Unlike Southwest and JetBlue, most of the low-cost carriers outside the US are charging for checked baggage, with the fees accounting for significant proportions of their profits.
Allegiant was the largest ancillary revenue generator (as a percentage of total revenue) in 2008, followed by Ryanair, easyJet, Jet2.com and Vueling, according to Capa research.
In the second quarter of 2009, the leading LCCs had made further gains in their ancillary revenue drives.
Airline "merchandising", when done thoughtfully and supported through each of the airline sales channels can be good for carriers and their customers, said the report.
In the Asia Pacific region, for instance, the LCCs have exploited ancillary products while full service carriers are only beginning to dabble into the concept.
AirAsia CEO, Tony Fernandes, recently said that ancillary revenues support high profit margins and stable profits, as they are not seasonally sensitive. He was recently quoted as saying that ancillary revenue generation was a "very good buffer for the oil price".

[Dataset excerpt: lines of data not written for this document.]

(* Let $\mathbb X$ and $\mathbb Y$ be $L$-structures with $|X|=|Y|=\kappa\ge\omega$. Then: (I) The following are equivalent: (a) $\mathbb X\preccurlyeq_c\mathbb Y$; (b) there exists a $\kappa$-closed back and forth system $\Pi\subseteq\mathrm{PC}(\mathbb X,\mathbb Y)$; (c) player II has a winning strategy in the game $G^{\preccurlyeq_c}_\kappa(\mathbb X,\mathbb Y)$. (II) The following are equivalent: (a) $\mathbb X\sim_c\mathbb Y$; (b) there are $\kappa$-closed back and forth systems $\Pi_{\mathbb X,\mathbb Y}\subseteq\mathrm{PC}(\mathbb X,\mathbb Y)$ and $\Pi_{\mathbb Y,\mathbb X}\subseteq\mathrm{PC}(\mathbb Y,\mathbb X)$; (c) player II has winning strategies in both games $G^{\preccurlyeq_c}_\kappa(\mathbb X,\mathbb Y)$ and $G^{\preccurlyeq_c}_\kappa(\mathbb Y,\mathbb X)$.
   Context: $L=\langle R_i:i\in I\rangle$ is a relational language, $R_i$ of arity $n_i$; for an $L$-structure $\mathbb X$ with domain $X$, $R_i^{\mathbb X}$ is the interpretation of $R_i$. For a map $f$ and tuple $\bar x=\langle x_0,\dots,x_{k-1}\rangle$ write $f\bar x=\langle f(x_0),\dots,f(x_{k-1})\rangle$. A partial condensation from $\mathbb X$ to $\mathbb Y$ is a bijection $f$ from a set $\operatorname{dom}f\subseteq X$ onto a set $\operatorname{ran}f\subseteq Y$ such that for all $i\in I$ and $\bar x\in(\operatorname{dom}f)^{n_i}$, $\bar x\in R_i^{\mathbb X}$ implies $f\bar x\in R_i^{\mathbb Y}$; $\mathrm{PC}(\mathbb X,\mathbb Y)$ is the set of these. A condensation is a partial condensation with domain $X$ and range $Y$ (a bijective homomorphism). $\mathbb X\preccurlyeq_c\mathbb Y$ means there is a condensation from $\mathbb X$ onto $\mathbb Y$; $\mathbb X\sim_c\mathbb Y$ means $\mathbb X\preccurlyeq_c\mathbb Y$ and $\mathbb Y\preccurlyeq_c\mathbb X$. A back and forth system (b.f.s.) is a nonempty $\Pi\subseteq\mathrm{PC}(\mathbb X,\mathbb Y)$ such that (e1) for all $f\in\Pi$ and $x\in X$ there is $g\in\Pi$ with $f\subseteq g$ and $x\in\operatorname{dom}g$, and (e2) for all $f\in\Pi$ and $y\in Y$ there is $g\in\Pi$ with $f\subseteq g$ and $y\in\operatorname{ran}g$. A partial order $\langle P,\le\rangle$ is $\kappa$-closed if for every ordinal $\gamma<\kappa$ and every sequence $\langle p_\alpha:\alpha<\gamma\rangle$ in $P$ with $p_\beta\le p_\alpha$ whenever $\alpha<\beta<\gamma$, there is $p\in P$ with $p\le p_\alpha$ for all $\alpha<\gamma$. A b.f.s. $\Pi$ is $\kappa$-closed if $\langle\Pi,\supseteq\rangle$ is $\kappa$-closed. For a cardinal $\kappa$, the game $G^{\preccurlyeq_c}_\kappa(\mathbb X,\mathbb Y)$ has steps indexed by $\alpha<\kappa$; at step $\alpha$ player I either chooses $x_\alpha\in X$ and then player II chooses $y_\alpha\in Y$, or player I chooses $y_\alpha\in Y$ and then II chooses $x_\alpha\in X$. Player II wins the play iff $\{\langle x_\alpha,y_\alpha\rangle:\alpha<\kappa\}\in\mathrm{PC}(\mathbb X,\mathbb Y)$; otherwise I wins. A strategy for II determines its move from the sequence of previous moves and I's current choice; it is winning if II wins every play in which it is followed. *)

theory Defs
  imports Main
begin

text \<open>Relational language: index type 'i, arity function n. An L-structure is a
domain X together with interpretations R i, each a set of n i-tuples (lists of
length n i) over X.\<close>

definition is_struct :: "('i \<Rightarrow> nat) \<Rightarrow> 'a set \<Rightarrow> ('i \<Rightarrow> 'a list set) \<Rightarrow> bool" where
  "is_struct n X R \<longleftrightarrow> (\<forall>i. R i \<subseteq> {xs. length xs = n i \<and> set xs \<subseteq> X})"

text \<open>Partial condensations, represented as their graphs (sets of pairs).\<close>

definition PC :: "('i \<Rightarrow> nat) \<Rightarrow> 'a set \<Rightarrow> ('i \<Rightarrow> 'a list set) \<Rightarrow> 'b set \<Rightarrow> ('i \<Rightarrow> 'b list set)
    \<Rightarrow> ('a \<times> 'b) set set" where
  "PC n X RX Y RY = {f. f \<subseteq> X \<times> Y \<and> single_valued f \<and> single_valued (converse f) \<and>
     (\<forall>i xs ys. length xs = n i \<and> list_all2 (\<lambda>x y. (x, y) \<in> f) xs ys \<and> xs \<in> RX i
        \<longrightarrow> ys \<in> RY i)}"

definition condensation :: "('i \<Rightarrow> nat) \<Rightarrow> 'a set \<Rightarrow> ('i \<Rightarrow> 'a list set) \<Rightarrow> 'b set \<Rightarrow> ('i \<Rightarrow> 'b list set)
    \<Rightarrow> ('a \<times> 'b) set \<Rightarrow> bool" where
  "condensation n X RX Y RY f \<longleftrightarrow> f \<in> PC n X RX Y RY \<and> Domain f = X \<and> Range f = Y"

definition cond_le :: "('i \<Rightarrow> nat) \<Rightarrow> 'a set \<Rightarrow> ('i \<Rightarrow> 'a list set) \<Rightarrow> 'b set \<Rightarrow> ('i \<Rightarrow> 'b list set)
    \<Rightarrow> bool" where
  "cond_le n X RX Y RY \<longleftrightarrow> (\<exists>f. condensation n X RX Y RY f)"

definition cond_eq :: "('i \<Rightarrow> nat) \<Rightarrow> 'a set \<Rightarrow> ('i \<Rightarrow> 'a list set) \<Rightarrow> 'b set \<Rightarrow> ('i \<Rightarrow> 'b list set)
    \<Rightarrow> bool" where
  "cond_eq n X RX Y RY \<longleftrightarrow> cond_le n X RX Y RY \<and> cond_le n Y RY X RX"

definition bfs :: "('i \<Rightarrow> nat) \<Rightarrow> 'a set \<Rightarrow> ('i \<Rightarrow> 'a list set) \<Rightarrow> 'b set \<Rightarrow> ('i \<Rightarrow> 'b list set)
    \<Rightarrow> ('a \<times> 'b) set set \<Rightarrow> bool" where
  "bfs n X RX Y RY \<Pi> \<longleftrightarrow> \<Pi> \<noteq> {} \<and> \<Pi> \<subseteq> PC n X RX Y RY \<and>
     (\<forall>f\<in>\<Pi>. \<forall>x\<in>X. \<exists>g\<in>\<Pi>. f \<subseteq> g \<and> x \<in> Domain g) \<and>
     (\<forall>f\<in>\<Pi>. \<forall>y\<in>Y. \<exists>g\<in>\<Pi>. f \<subseteq> g \<and> y \<in> Range g)"

text \<open>The cardinal \<kappa> is represented by a cardinal order (initial ordinal) k.
Ordinals \<gamma> < \<kappa> are exactly the order types of the proper initial segments
underS k \<alpha> (\<alpha> \<in> Field k), so a sequence of length \<gamma> < \<kappa> is indexed by such a
segment. kclosed k P le: the partial order (P, le) is \<kappa>-closed.\<close>

definition kclosed :: "'k rel \<Rightarrow> 'p set \<Rightarrow> ('p \<Rightarrow> 'p \<Rightarrow> bool) \<Rightarrow> bool" where
  "kclosed k P le \<longleftrightarrow> (\<forall>\<alpha>\<in>Field k. \<forall>p :: 'k \<Rightarrow> 'p.
     (\<forall>\<beta>\<in>underS k \<alpha>. p \<beta> \<in> P) \<and>
     (\<forall>\<beta>\<in>underS k \<alpha>. \<forall>\<gamma>\<in>underS k \<alpha>. (\<beta>, \<gamma>) \<in> k \<and> \<beta> \<noteq> \<gamma> \<longrightarrow> le (p \<gamma>) (p \<beta>))
     \<longrightarrow> (\<exists>q\<in>P. \<forall>\<beta>\<in>underS k \<alpha>. le q (p \<beta>)))"

definition closed_bfs :: "'k rel \<Rightarrow> ('i \<Rightarrow> nat) \<Rightarrow> 'a set \<Rightarrow> ('i \<Rightarrow> 'a list set) \<Rightarrow> 'b set
    \<Rightarrow> ('i \<Rightarrow> 'b list set) \<Rightarrow> ('a \<times> 'b) set set \<Rightarrow> bool" where
  "closed_bfs k n X RX Y RY \<Pi> \<longleftrightarrow> bfs n X RX Y RY \<Pi> \<and> kclosed k \<Pi> (\<lambda>f g. g \<subseteq> f)"

text \<open>Player I's choice at step \<alpha> is c \<alpha> :: 'a + 'b
(Inl x: I chooses x \<in> X; Inr y: I chooses y \<in> Y); the pair played at step \<alpha> is
pl \<alpha> = (x_\<alpha>, y_\<alpha>). A strategy of II is a pair (sx, sy): sy answers
a choice x \<in> X with some y, sx answers a choice y \<in> Y with some x.\<close>

definition hist :: "'k rel \<Rightarrow> ('k \<Rightarrow> 'a + 'b) \<Rightarrow> ('k \<Rightarrow> 'a \<times> 'b) \<Rightarrow> 'k
    \<Rightarrow> ('k \<Rightarrow> (('a + 'b) \<times> ('a \<times> 'b)) option)" where
  "hist k c pl \<alpha> = (\<lambda>\<beta>. if \<beta> \<in> underS k \<alpha> then Some (c \<beta>, pl \<beta>) else None)"

definition follows :: "'k rel
    \<Rightarrow> ('k \<Rightarrow> ('k \<Rightarrow> (('a + 'b) \<times> ('a \<times> 'b)) option) \<Rightarrow> 'b \<Rightarrow> 'a)
    \<Rightarrow> ('k \<Rightarrow> ('k \<Rightarrow> (('a + 'b) \<times> ('a \<times> 'b)) option) \<Rightarrow> 'a \<Rightarrow> 'b)
    \<Rightarrow> ('k \<Rightarrow> 'a + 'b) \<Rightarrow> ('k \<Rightarrow> 'a \<times> 'b) \<Rightarrow> bool" where
  "follows k sx sy c pl \<longleftrightarrow> (\<forall>\<alpha>\<in>Field k.
     pl \<alpha> = (case c \<alpha> of Inl x \<Rightarrow> (x, sy \<alpha> (hist k c pl \<alpha>) x)
                        | Inr y \<Rightarrow> (sx \<alpha> (hist k c pl \<alpha>) y, y)))"

definition legal_I :: "'k rel \<Rightarrow> 'a set \<Rightarrow> 'b set \<Rightarrow> ('k \<Rightarrow> 'a + 'b) \<Rightarrow> bool" where
  "legal_I k X Y c \<longleftrightarrow> (\<forall>\<alpha>\<in>Field k. case c \<alpha> of Inl x \<Rightarrow> x \<in> X | Inr y \<Rightarrow> y \<in> Y)"

definition II_wins :: "'k rel \<Rightarrow> ('i \<Rightarrow> nat) \<Rightarrow> 'a set \<Rightarrow> ('i \<Rightarrow> 'a list set) \<Rightarrow> 'b set
    \<Rightarrow> ('i \<Rightarrow> 'b list set) \<Rightarrow> bool" where
  "II_wins k n X RX Y RY \<longleftrightarrow> (\<exists>sx sy. \<forall>c pl. legal_I k X Y c \<and> follows k sx sy c pl
      \<longrightarrow> pl ` Field k \<in> PC n X RX Y RY)"

end

theory Submission
  imports Defs
begin

text \<open>Enumerate the disjoint union \<open>X <+> Y\<close> in order type \<open>\<kappa>\<close>. A \<open>\<kappa>\<close>-closed back and forth
  system lets us build, by transfinite recursion along this enumeration, an increasing
  \<open>\<kappa>\<close>-sequence of partial condensations in which the \<open>\<alpha>\<close>-th one covers the \<open>\<alpha>\<close>-th element;
  closedness supplies upper bounds at limit stages, and the union of the sequence is a
  condensation. Similarly, player II's strategy played against the enumeration produces a
  condensation. Conversely a condensation \<open>f\<close> gives the closed system \<open>{f}\<close> and the strategy
  of answering along \<open>f\<close>. Part (II) is part (I) applied in both directions.\<close>

unbundle cardinal_syntax

definition covers :: "'a + 'b \<Rightarrow> ('a \<times> 'b) set \<Rightarrow> bool" where
  "covers e f \<longleftrightarrow> (case e of Inl x \<Rightarrow> x \<in> Domain f | Inr y \<Rightarrow> y \<in> Range f)"

lemma covers_mono: "covers e g \<Longrightarrow> g \<subseteq> f \<Longrightarrow> covers e f"
  by (auto simp: covers_def split: sum.splits)

lemma condensation_if_covers:
  assumes "f \<in> PC n X RX Y RY" and "\<forall>e \<in> X <+> Y. covers e f"
  shows "condensation n X RX Y RY f"
proof -
  have "Domain f \<subseteq> X" "Range f \<subseteq> Y" using assms(1) by (auto simp: PC_def)
  moreover have "X \<subseteq> Domain f"
  proof
    fix x assume "x \<in> X"
    then have "covers (Inl x) f" using assms(2) by blast
    then show "x \<in> Domain f" by (simp add: covers_def)
  qed
  moreover have "Y \<subseteq> Range f"
  proof
    fix y assume "y \<in> Y"
    then have "covers (Inr y) f" using assms(2) by blast
    then show "y \<in> Range f" by (simp add: covers_def)
  qed
  ultimately show ?thesis using assms(1) by (auto simp: condensation_def)
qed

lemma bfs_extend:
  assumes "bfs n X RX Y RY \<Pi>" and "f \<in> \<Pi>" and "e \<in> X <+> Y"
  shows "\<exists>g\<in>\<Pi>. f \<subseteq> g \<and> covers e g"
  using assms by (auto simp: bfs_def covers_def)

lemma PC_subset:
  assumes "g \<subseteq> f" and "f \<in> PC n X RX Y RY"
  shows "g \<in> PC n X RX Y RY"
proof -
  have "list_all2 (\<lambda>x y. (x, y) \<in> f) xs ys" if "list_all2 (\<lambda>x y. (x, y) \<in> g) xs ys" for xs ys
    using that by (rule list_all2_mono) (use assms(1) in blast)
  moreover have "single_valued g" "single_valued (converse g)"
    using assms single_valued_subset[of g f] single_valued_subset[of "converse g" "converse f"]
    by (auto simp: PC_def)
  ultimately show ?thesis using assms unfolding PC_def by blast
qed

lemma PC_Union_chain:
  assumes "C \<noteq> {}" and ch: "subset.chain (PC n X RX Y RY) C"
  shows "\<Union>C \<in> PC n X RX Y RY"
proof -
  have CP: "C \<subseteq> PC n X RX Y RY" and tot: "\<forall>f\<in>C. \<forall>g\<in>C. f \<subseteq> g \<or> g \<subseteq> f"
    using ch by (auto simp: subset_chain_def)
  have common: "\<exists>h\<in>C. p \<in> h \<and> q \<in> h" if "p \<in> \<Union>C" "q \<in> \<Union>C" for p q
    using that tot by blast
  have "single_valued (\<Union>C)"
  proof (rule single_valuedI)
    fix x y z assume "(x, y) \<in> \<Union>C" "(x, z) \<in> \<Union>C"
    with common obtain h where "h \<in> C" "(x, y) \<in> h" "(x, z) \<in> h" by blast
    with CP show "y = z" by (auto simp: PC_def dest: single_valuedD)
  qed
  moreover have "single_valued (converse (\<Union>C))"
  proof (rule single_valuedI)
    fix x y z assume "(x, y) \<in> converse (\<Union>C)" "(x, z) \<in> converse (\<Union>C)"
    with common obtain h where "h \<in> C" "(y, x) \<in> h" "(z, x) \<in> h" by blast
    with CP show "y = z" by (auto simp: PC_def dest: single_valuedD)
  qed
  moreover have "ys \<in> RY i"
    if "length xs = n i" and rel: "list_all2 (\<lambda>x y. (x, y) \<in> \<Union>C) xs ys" and "xs \<in> RX i"
    for i xs ys
  proof -
    have "set (zip xs ys) \<subseteq> \<Union>C" using rel by (auto simp: list_all2_iff)
    then obtain B where B: "B \<in> C" "set (zip xs ys) \<subseteq> B"
      using finite_subset_Union_chain[OF finite_set _ assms] by blast
    then have "list_all2 (\<lambda>x y. (x, y) \<in> B) xs ys"
      using rel by (auto simp: list_all2_iff)
    with B(1) CP that show ?thesis by (auto simp: PC_def)
  qed
  moreover have "\<Union>C \<subseteq> X \<times> Y" using CP by (auto simp: PC_def)
  ultimately show ?thesis by (auto simp: PC_def)
qed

Iata estimates that $80bn in revenues will vanish from member airline industry coffers this year, falling to $456bn, or 15 per cent lower than 2008 levels. But "other revenue" (that is non passenger/cargo) would grow by almost six per cent this year to $56bn worldwide, as per the Iata forecast for 2010.
"Other revenues" of the Iata members (which are largely non-LCC airlines) will, meanwhile, reach $58bn next year – double the level achieved in 2001.
"Full service carriers are today trying to re-build and differentiate their brands in order to compete strategically with the LCCs, while still providing the quality service, said Capa research.
It adds that for the LCC segment, the issue is one of adding unbundled services and charging for them.
Cancelling and rebooking fees have increased significantly in Asia, along with booking classes that do not accrue mileage, as per the Capa research.
Revenue from fees imposed for cancelling or rebooking flights by all US airlines went up by 52 per cent in Q2 2009, while revenue from miscellaneous fees (including assigning seats, flying pets and fees paid to the airlines for collecting airport passenger facility charges) totalled $67m in the quarter, marking a 19 per cent rise year-on-year, Capa said.
Whereas, combined, baggage fees and additional charges increased 65 per cent year-on-year, to $3.6bn in the quarter.
As the US airlines rack up around $4bn in revenue from baggage fees alone this year, full service airlines around the world look on with interest, with many likely to follow suit shortly.